• [RECORDS TO PROCESS]

(* Let $L\in K[D]$ with $\operatorname{Sym}_L=S_1\cdots S_k$ (homogeneous $S_i$), let $g\in K$ be invertible, and let $R$ be a common obstacle to factorization of $L$ of type $(S_1)\cdots(S_k)$. Then $g^{-1}\circ R\circ g$ is a common obstacle to factorization of type $(S_1)\cdots(S_k)$ of the gauge transformed operator $g^{-1}\circ L\circ g$.
   Context: $K$ is a field with commuting derivations $\partial_1,\dots,\partial_n$, and $K[D]=K[D_1,\dots,D_n]$ is the ring of linear differential operators over $K$: the $D_i$ commute with each other and $D_i\circ a=aD_i+\partial_i(a)$ for $a\in K$. Every $L\in K[D]$ is uniquely $\sum_{|J|\le d}a_JD^J$ with $a_J\in K$ and $D^J=D_1^{j_1}\cdots D_n^{j_n}$. The order $\operatorname{ord}(L)$ is the largest $|J|$ with $a_J\ne0$, and $\operatorname{ord}(0)=-\infty$. The symbol $\operatorname{Sym}_L=\sum_{|J|=\operatorname{ord}L}a_JX^J$; note that $\operatorname{Sym}_{g^{-1}\circ L\circ g}=\operatorname{Sym}_L$. A factorization of type $(S_1)\cdots(S_k)$ of an operator $M$ is $M=F_1\circ\cdots\circ F_k$ with $\operatorname{Sym}_{F_i}=S_i$. A common obstacle to factorization of $M$ of type $(S_1)\cdots(S_k)$ is an operator $R$ such that $M-R$ has a factorization of that type and $R$ has the minimal possible order among such operators. *)

theory Defs
  imports Complex_Main "HOL-Library.Poly_Mapping" "HOL-Library.Extended_Real"
begin

(* Polynomials in K[X_1..X_n] and operators in K[D_1..D_n] are both represented as
   finitely supported maps  multi-index => coefficient.  Only variables 0..n-1 are used. *)
type_synonym mindex = "nat \<Rightarrow>\<^sub>0 nat"
type_synonym 'k mpoly = "mindex \<Rightarrow>\<^sub>0 'k"   (* polynomials, with the convolution product *)
type_synonym 'k dop = "mindex \<Rightarrow>\<^sub>0 'k"

definition mdeg :: "mindex \<Rightarrow> nat" where
  "mdeg J = (\<Sum>i\<in>Poly_Mapping.keys J. Poly_Mapping.lookup J i)"

definition in_vars :: "nat \<Rightarrow> mindex \<Rightarrow> bool" where
  "in_vars n J \<longleftrightarrow> (\<forall>i. n \<le> i \<longrightarrow> Poly_Mapping.lookup J i = 0)"

definition in_KD :: "nat \<Rightarrow> (mindex \<Rightarrow>\<^sub>0 'k::zero) \<Rightarrow> bool" where
  "in_KD n L \<longleftrightarrow> (\<forall>J\<in>Poly_Mapping.keys L. in_vars n J)"

definition commuting_derivations :: "nat \<Rightarrow> (nat \<Rightarrow> 'k::field \<Rightarrow> 'k) \<Rightarrow> bool" where
  "commuting_derivations n d \<longleftrightarrow>
     (\<forall>i<n. \<forall>a b. d i (a + b) = d i a + d i b) \<and>
     (\<forall>i<n. \<forall>a b. d i (a * b) = a * d i b + d i a * b) \<and>
     (\<forall>i<n. \<forall>j<n. \<forall>a. d i (d j a) = d j (d i a))"

definition dpow :: "nat \<Rightarrow> (nat \<Rightarrow> 'k \<Rightarrow> 'k) \<Rightarrow> mindex \<Rightarrow> 'k \<Rightarrow> 'k" where
  "dpow n d J = foldr (\<lambda>i f. (d i ^^ Poly_Mapping.lookup J i) \<circ> f) [0..<n] id"

definition mbinom :: "nat \<Rightarrow> mindex \<Rightarrow> mindex \<Rightarrow> nat" where
  "mbinom n J M = (\<Prod>i<n. Poly_Mapping.lookup J i choose Poly_Mapping.lookup M i)"

definition mle :: "mindex \<Rightarrow> mindex \<Rightarrow> bool" where
  "mle M J \<longleftrightarrow> (\<forall>i. Poly_Mapping.lookup M i \<le> Poly_Mapping.lookup J i)"

(* composition in K[D]:  (a_J D^J) o (b_I D^I) = a_J sum_{M <= J} (J choose M) \<partial>^{J-M}(b_I) D^{M+I},
   i.e. the Leibniz rule D_i o a = a D_i + \<partial>_i(a) with commuting D_i, extended bilinearly *)
definition dcomp :: "nat \<Rightarrow> (nat \<Rightarrow> 'k::field \<Rightarrow> 'k) \<Rightarrow> 'k dop \<Rightarrow> 'k dop \<Rightarrow> 'k dop" where
  "dcomp n d P Q =
     (\<Sum>J\<in>Poly_Mapping.keys P. \<Sum>I\<in>Poly_Mapping.keys Q. \<Sum>M\<in>{M. mle M J}.
        Poly_Mapping.single (M + I) (Poly_Mapping.lookup P J * of_nat (mbinom n J M) * dpow n d (J - M) (Poly_Mapping.lookup Q I)))"

definition scal_op :: "'k::zero \<Rightarrow> 'k dop" where
  "scal_op a = Poly_Mapping.single 0 a"

definition ord :: "'k::zero dop \<Rightarrow> ereal" where
  "ord L = (if L = 0 then -\<infinity> else ereal (real (Max (mdeg ` Poly_Mapping.keys L))))"

definition Sym :: "'k::comm_monoid_add dop \<Rightarrow> 'k mpoly" where
  "Sym L = (\<Sum>J\<in>{J\<in>Poly_Mapping.keys L. mdeg J = Max (mdeg ` Poly_Mapping.keys L)}. Poly_Mapping.single J (Poly_Mapping.lookup L J))"

definition homogeneous :: "'k::zero mpoly \<Rightarrow> bool" where
  "homogeneous S \<longleftrightarrow> (\<exists>m. \<forall>J\<in>Poly_Mapping.keys S. mdeg J = m)"

definition has_factorization ::
  "nat \<Rightarrow> (nat \<Rightarrow> 'k::field \<Rightarrow> 'k) \<Rightarrow> 'k dop \<Rightarrow> 'k mpoly list \<Rightarrow> bool" where
  "has_factorization n d M Ss \<longleftrightarrow>
     (\<exists>Fs. length Fs = length Ss \<and> (\<forall>F\<in>set Fs. in_KD n F) \<and>
           map Sym Fs = Ss \<and> M = foldr (dcomp n d) Fs (scal_op 1))"

definition common_obstacle ::
  "nat \<Rightarrow> (nat \<Rightarrow> 'k::field \<Rightarrow> 'k) \<Rightarrow> 'k dop \<Rightarrow> 'k mpoly list \<Rightarrow> 'k dop \<Rightarrow> bool" where
  "common_obstacle n d M Ss R \<longleftrightarrow>
     in_KD n R \<and> has_factorization n d (M - R) Ss \<and>
     (\<forall>R'. in_KD n R' \<and> has_factorization n d (M - R') Ss \<longrightarrow> ord R \<le> ord R')"

definition gauge :: "nat \<Rightarrow> (nat \<Rightarrow> 'k::field \<Rightarrow> 'k) \<Rightarrow> 'k \<Rightarrow> 'k dop \<Rightarrow> 'k dop" where
  "gauge n d g L = dcomp n d (scal_op (inverse g)) (dcomp n d L (scal_op g))"

end

theory Submission
  imports Defs "HOL-Library.Function_Algebras" "HOL-Library.FuncSet"
begin

text \<open>
  The ring \<open>K[D]\<close> acts faithfully on Hurwitz series over \<open>K\<close>, i.e. on functions \<open>v\<close> on
  multi-indices, by \<open>(D\<^sub>i v)(I) = \<partial>\<^sub>i(v I) + v(I + e\<^sub>i)\<close> and multiplication by scalars; the
  Leibniz rule shows that \<^const>\<open>dcomp\<close> corresponds to composition of these actions. Hence
  \<open>gauge g\<close> is a ring endomorphism of \<open>K[D]\<close>, with inverse \<open>gauge g\<^sup>-\<^sup>1\<close>. It preserves symbols
  and orders, because conjugating by \<open>g\<close> only adds terms carrying derivatives of \<open>g\<close>, which
  have lower order. So it maps factorizations of type \<open>(S\<^sub>1)\<cdots>(S\<^sub>k)\<close> to factorizations of the
  same type, transports the candidate obstacles of \<open>L\<close> bijectively onto those of
  \<open>g\<^sup>-\<^sup>1 \<circ> L \<circ> g\<close>, and keeps their orders.
\<close>

abbreviation lookup :: "('a \<Rightarrow>\<^sub>0 'b::zero) \<Rightarrow> 'a \<Rightarrow> 'b"
  where "lookup \<equiv> Poly_Mapping.lookup"
abbreviation keys :: "('a \<Rightarrow>\<^sub>0 'b::zero) \<Rightarrow> 'a set"
  where "keys \<equiv> Poly_Mapping.keys"
abbreviation single :: "'a \<Rightarrow> 'b \<Rightarrow> 'a \<Rightarrow>\<^sub>0 'b::zero"
  where "single \<equiv> Poly_Mapping.single"

declare One_nat_def [simp del]

section \<open>Multi-index powers of commuting maps\<close>

definition funpow_multi :: "nat list \<Rightarrow> (nat \<Rightarrow> 'a \<Rightarrow> 'a) \<Rightarrow> mindex \<Rightarrow> 'a \<Rightarrow> 'a" where
  "funpow_multi xs F J = foldr (\<lambda>i f. (F i ^^ lookup J i) \<circ> f) xs id"

lemma funpow_multi_Nil [simp]: "funpow_multi [] F J = id"
  by (simp add: funpow_multi_def)

lemma funpow_multi_Cons [simp]:
  "funpow_multi (i # xs) F J = (F i ^^ lookup J i) \<circ> funpow_multi xs F J"
  by (simp add: funpow_multi_def)

lemma funpow_multi_zero: "funpow_multi xs F 0 = id"
  by (induction xs) auto

lemma funpow_comp_commute: "f \<circ> g = g \<circ> f \<Longrightarrow> (f ^^ k) \<circ> g = g \<circ> (f ^^ k)"
proof (induction k)
  case (Suc k)
  have "(f ^^ Suc k) \<circ> g = f \<circ> ((f ^^ k) \<circ> g)" by (simp add: comp_assoc)
  also have "\<dots> = (f \<circ> g) \<circ> (f ^^ k)" by (simp only: Suc.IH[OF Suc.prems] comp_assoc)
  also have "\<dots> = g \<circ> (f ^^ Suc k)" by (simp only: Suc.prems funpow.simps comp_assoc)
  finally show ?case .
qed simp

lemma funpow_multi_commute:
  assumes "\<And>j. j \<in> set xs \<Longrightarrow> F i \<circ> F j = F j \<circ> F i"
  shows "(F i ^^ k) \<circ> funpow_multi xs F J = funpow_multi xs F J \<circ> (F i ^^ k)"
  using assms
proof (induction xs)
  case (Cons a xs)
  have a: "(F i ^^ k) \<circ> (F a ^^ lookup J a) = (F a ^^ lookup J a) \<circ> (F i ^^ k)"
    by (metis Cons.prems funpow_comp_commute list.set_intros(1))
  have IH: "(F i ^^ k) \<circ> funpow_multi xs F J = funpow_multi xs F J \<circ> (F i ^^ k)"
    by (intro Cons.IH Cons.prems) simp
  have "(F i ^^ k) \<circ> funpow_multi (a # xs) F J
      = ((F i ^^ k) \<circ> (F a ^^ lookup J a)) \<circ> funpow_multi xs F J"
    by (simp only: funpow_multi_Cons comp_assoc)
  also have "\<dots> = (F a ^^ lookup J a) \<circ> ((F i ^^ k) \<circ> funpow_multi xs F J)"
    by (simp only: a comp_assoc)
  also have "\<dots> = funpow_multi (a # xs) F J \<circ> (F i ^^ k)"
    by (simp only: IH funpow_multi_Cons comp_assoc)
  finally show ?case .
qed simp

lemma funpow_multi_add:
  assumes "\<And>i j. i \<in> set xs \<Longrightarrow> j \<in> set xs \<Longrightarrow> F i \<circ> F j = F j \<circ> F i"
  shows "funpow_multi xs F (J + K) = funpow_multi xs F J \<circ> funpow_multi xs F K"
  using assms
proof (induction xs)
  case (Cons a xs)
  have IH: "funpow_multi xs F (J + K) = funpow_multi xs F J \<circ> funpow_multi xs F K"
    by (intro Cons.IH Cons.prems) auto
  have commute: "(F a ^^ lookup K a) \<circ> funpow_multi xs F J = funpow_multi xs F J \<circ> (F a ^^ lookup K a)"
    by (intro funpow_multi_commute Cons.prems) auto
  have "funpow_multi (a # xs) F (J + K)
      = (F a ^^ lookup J a) \<circ> ((F a ^^ lookup K a) \<circ> funpow_multi xs F J) \<circ> funpow_multi xs F K"
    by (simp only: IH funpow_multi_Cons lookup_add funpow_add comp_assoc)
  also have "\<dots> = funpow_multi (a # xs) F J \<circ> funpow_multi (a # xs) F K"
    by (simp only: commute funpow_multi_Cons comp_assoc)
  finally show ?case .
qed simp

lemma funpow_multi_single:
  assumes "distinct xs" "i \<in> set xs"
  shows "funpow_multi xs F (single i 1) = F i"
  using assms
proof (induction xs)
  case (Cons a xs)
  have "funpow_multi ys F (single i 1) = id" if "i \<notin> set ys" for ys
    using that by (induction ys) (auto simp: lookup_single)
  with Cons show ?case
    by (cases "a = i") (auto simp: lookup_single One_nat_def)
qed simp

lemma additive_funpow: "additive (f :: 'a::ab_group_add \<Rightarrow> 'a) \<Longrightarrow> additive (f ^^ k)"
  unfolding additive_def by (induction k) auto

lemma additive_funpow_multi:
  assumes "\<And>i. i \<in> set xs \<Longrightarrow> additive (F i)"
  shows "additive (funpow_multi xs F J)"
  using assms
proof (induction xs)
  case (Cons a xs)
  then have "additive (F a ^^ lookup J a)" "additive (funpow_multi xs F J)"
    by (simp_all add: additive_funpow)
  then show ?case by (simp add: additive_def)
qed (simp add: additive_def)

• [DIRECTIONS FOR THIS TASK] From the material above, retype precisely the lines between the line holding "list \<Rightarrow> 'k" and the line holding "Leibniz rule shows", inclusive, and nothing beyond them.

• [ANSWER SECTION]
  "nat \<Rightarrow> (nat \<Rightarrow> 'k::field \<Rightarrow> 'k) \<Rightarrow> 'k dop \<Rightarrow> 'k mpoly list \<Rightarrow> 'k dop \<Rightarrow> bool" where
  "common_obstacle n d M Ss R \<longleftrightarrow>
     in_KD n R \<and> has_factorization n d (M - R) Ss \<and>
     (\<forall>R'. in_KD n R' \<and> has_factorization n d (M - R') Ss \<longrightarrow> ord R \<le> ord R')"

definition gauge :: "nat \<Rightarrow> (nat \<Rightarrow> 'k::field \<Rightarrow> 'k) \<Rightarrow> 'k \<Rightarrow> 'k dop \<Rightarrow> 'k dop" where
  "gauge n d g L = dcomp n d (scal_op (inverse g)) (dcomp n d L (scal_op g))"

end

theory Submission
  imports Defs "HOL-Library.Function_Algebras" "HOL-Library.FuncSet"
begin

text \<open>
  The ring \<open>K[D]\<close> acts faithfully on Hurwitz series over \<open>K\<close>, i.e. on functions \<open>v\<close> on
  multi-indices, by \<open>(D\<^sub>i v)(I) = \<partial>\<^sub>i(v I) + v(I + e\<^sub>i)\<close> and multiplication by scalars; the
  Leibniz rule shows that \<^const>\<open>dcomp\<close> corresponds to composition of these actions. Hence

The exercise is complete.